> _WHAT NEEDS TO BE DONE_
In the listing beneath this line, copy exactly the lines starting with the one containing "Q = (\<Sum>i\<in>I." and going on through the one containing "A i j * x j ^".

[DATA — start]

(* Under Assumption 1 and the partition setting of the context, the optimal value of the convex relaxation (R) equals the optimal value of the convex relaxation (R'): $\min\ \sum_{h\in H}d_h^*w_h+\sum_{h\in H}\sum_{j\in N_h}(D_{jj}-d_h^* )x_j^2+2\sum_{h\in H}\sum_{j\in N_h}c_jx_j$ subject to $\sum_{h\in H}\xi^{ih}w_h+2\sum_{h\in H}\sum_{j\in N_h}a_{ij}x_j\le b_i$ ($i\in M$) and $\sum_{j\in N_h}x_j^2\le w_h$ ($h\in H$), over ${\bf x}\in\mathbb{R}^n$, ${\bf w}\in\mathbb{R}^{H}$. Consequently the optimal value of (R') also equals that of the Shor relaxation (S).
   Context: Let $N=\{1,\dots,n\}$ and $M=\{1,\dots,m\}$. Let ${\bf D}$ and ${\bf A}^i$ ($i\in M$) be real diagonal $n\times n$ matrices, ${\bf c},{\bf a}_i\in\mathbb{R}^n$ ($a_{ij}$ denotes the $j$-th entry of ${\bf a}_i$) and $b_i\in\mathbb{R}$. The diagonal QCQP is (P): $c^\star=\inf\{{\bf x}^\top{\bf D}{\bf x}+2{\bf c}^\top{\bf x} : {\bf x}^\top{\bf A}^i{\bf x}+2{\bf a}_i^\top{\bf x}\le b_i,\ i\in M\}$. Its Shor relaxation is (S): $v^\star=\inf\{{\bf D}\bullet{\bf X}+2{\bf c}^\top{\bf x} : {\bf A}^i\bullet{\bf X}+2{\bf a}_i^\top{\bf x}\le b_i\ (i\in M),\ {\bf X}-{\bf x}{\bf x}^\top\succeq {\bf O}\}$, where ${\bf P}\bullet{\bf Q}=\mathrm{trace}({\bf P}{\bf Q})$. The convex relaxation is (R): $p^\star=\inf\{\sum_{j\in N}D_{jj}z_j+2\sum_{j\in N}c_jx_j : \sum_{j\in N}A^i_{jj}z_j+2\sum_{j\in N}a_{ij}x_j\le b_i\ (i\in M),\ x_j^2\le z_j\ (j\in N)\}$. Assumption 1: (i) the feasible region of (P) is nonempty; (ii) there exists $\bar{\bf y}\ge 0$ with $\sum_{i\in M}\bar y_i{\bf A}^i\succ{\bf O}$; (iii) the feasible region of (S) has nonempty interior. Partition setting: $\{N_h\}_{h\in H}$ is a partition of $N$ such that for each $h\in H$ and $i\in M$ there is a number $\xi^{ih}$ with $A^i_{jj}=\xi^{ih}$ for all $j\in N_h$. For each $h\in H$, $d_h^*=\min_{j\in N_h}D_{jj}$ and it is assumed that this minimum is attained at a unique index $j_h\in N_h$. *)

theory Defs
  imports "HOL-Analysis.Analysis"
begin

text \<open>Vectors in R^n are functions nat => real, only the entries indexed by
  N = {1..n} matter. n x n matrices are functions nat => nat => real restricted to N.
  The diagonal matrices D, A^i are given by their diagonal entries.\<close>

definition diag_mat :: "(nat \<Rightarrow> real) \<Rightarrow> nat \<Rightarrow> nat \<Rightarrow> real" where
  "diag_mat d = (\<lambda>i j. if i = j then d i else 0)"

definition mat_sym :: "nat set \<Rightarrow> (nat \<Rightarrow> nat \<Rightarrow> real) \<Rightarrow> bool" where
  "mat_sym I X \<longleftrightarrow> (\<forall>i\<in>I. \<forall>j\<in>I. X i j = X j i)"

definition mat_psd :: "nat set \<Rightarrow> (nat \<Rightarrow> nat \<Rightarrow> real) \<Rightarrow> bool" where
  "mat_psd I X \<longleftrightarrow> mat_sym I X \<and>
     (\<forall>v::nat \<Rightarrow> real. (\<Sum>i\<in>I. \<Sum>j\<in>I. v i * X i j * v j) \<ge> 0)"

definition mat_pd :: "nat set \<Rightarrow> (nat \<Rightarrow> nat \<Rightarrow> real) \<Rightarrow> bool" where
  "mat_pd I X \<longleftrightarrow> mat_sym I X \<and>
     (\<forall>v::nat \<Rightarrow> real. (\<exists>i\<in>I. v i \<noteq> 0) \<longrightarrow> (\<Sum>i\<in>I. \<Sum>j\<in>I. v i * X i j * v j) > 0)"

definition mat_dot :: "nat set \<Rightarrow> (nat \<Rightarrow> nat \<Rightarrow> real) \<Rightarrow> (nat \<Rightarrow> nat \<Rightarrow> real) \<Rightarrow> real" where
  "mat_dot I P Q = (\<Sum>i\<in>I. \<Sum>j\<in>I. P i j * Q j i)"

text \<open>Feasible region of (P). A i j = A^i_jj, a i j = a_ij.\<close>
definition feas_P :: "nat \<Rightarrow> nat \<Rightarrow> (nat \<Rightarrow> nat \<Rightarrow> real) \<Rightarrow> (nat \<Rightarrow> nat \<Rightarrow> real)
    \<Rightarrow> (nat \<Rightarrow> real) \<Rightarrow> (nat \<Rightarrow> real) set" where
  "feas_P n m A a b = {x. \<forall>i\<in>{1..m}.
      (\<Sum>j\<in>{1..n}. A i j * x j ^ 2) + 2 * (\<Sum>j\<in>{1..n}. a i j * x j) \<le> b i}"

definition feas_S :: "nat \<Rightarrow> nat \<Rightarrow> (nat \<Rightarrow> nat \<Rightarrow> real) \<Rightarrow> (nat \<Rightarrow> nat \<Rightarrow> real)
    \<Rightarrow> (nat \<Rightarrow> real) \<Rightarrow> ((nat \<Rightarrow> real) \<times> (nat \<Rightarrow> nat \<Rightarrow> real)) set" where
  "feas_S n m A a b = {(x, X).
      (\<forall>i\<in>{1..m}. mat_dot {1..n} (diag_mat (A i)) X + 2 * (\<Sum>j\<in>{1..n}. a i j * x j) \<le> b i)
      \<and> mat_psd {1..n} (\<lambda>k l. X k l - x k * x l)}"

text \<open>Nonempty interior of the feasible region of (S), in the space
  R^n \<times> (symmetric n x n matrices) (topology via entrywise max-norm).\<close>
definition S_nonempty_interior :: "nat \<Rightarrow> nat \<Rightarrow> (nat \<Rightarrow> nat \<Rightarrow> real) \<Rightarrow> (nat \<Rightarrow> nat \<Rightarrow> real)
    \<Rightarrow> (nat \<Rightarrow> real) \<Rightarrow> bool" where
  "S_nonempty_interior n m A a b \<longleftrightarrow>
     (\<exists>x0 X0 (e::real). e > 0 \<and> mat_sym {1..n} X0 \<and>
        (\<forall>x X. mat_sym {1..n} X \<and> (\<forall>j\<in>{1..n}. \<bar>x j - x0 j\<bar> < e)
           \<and> (\<forall>k\<in>{1..n}. \<forall>l\<in>{1..n}. \<bar>X k l - X0 k l\<bar> < e)
           \<longrightarrow> (x, X) \<in> feas_S n m A a b))"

[DATA — finish]

> _RESPONSE_
  "mat_dot I P Q = (\<Sum>i\<in>I. \<Sum>j\<in>I. P i j * Q j i)"

text \<open>Feasible region of (P). A i j = A^i_jj, a i j = a_ij.\<close>
definition feas_P :: "nat \<Rightarrow> nat \<Rightarrow> (nat \<Rightarrow> nat \<Rightarrow> real) \<Rightarrow> (nat \<Rightarrow> nat \<Rightarrow> real)
    \<Rightarrow> (nat \<Rightarrow> real) \<Rightarrow> (nat \<Rightarrow> real) set" where
  "feas_P n m A a b = {x. \<forall>i\<in>{1..m}.
      (\<Sum>j\<in>{1..n}. A i j * x j ^ 2) + 2 * (\<Sum>j\<in>{1..n}. a i j * x j) \<le> b i}"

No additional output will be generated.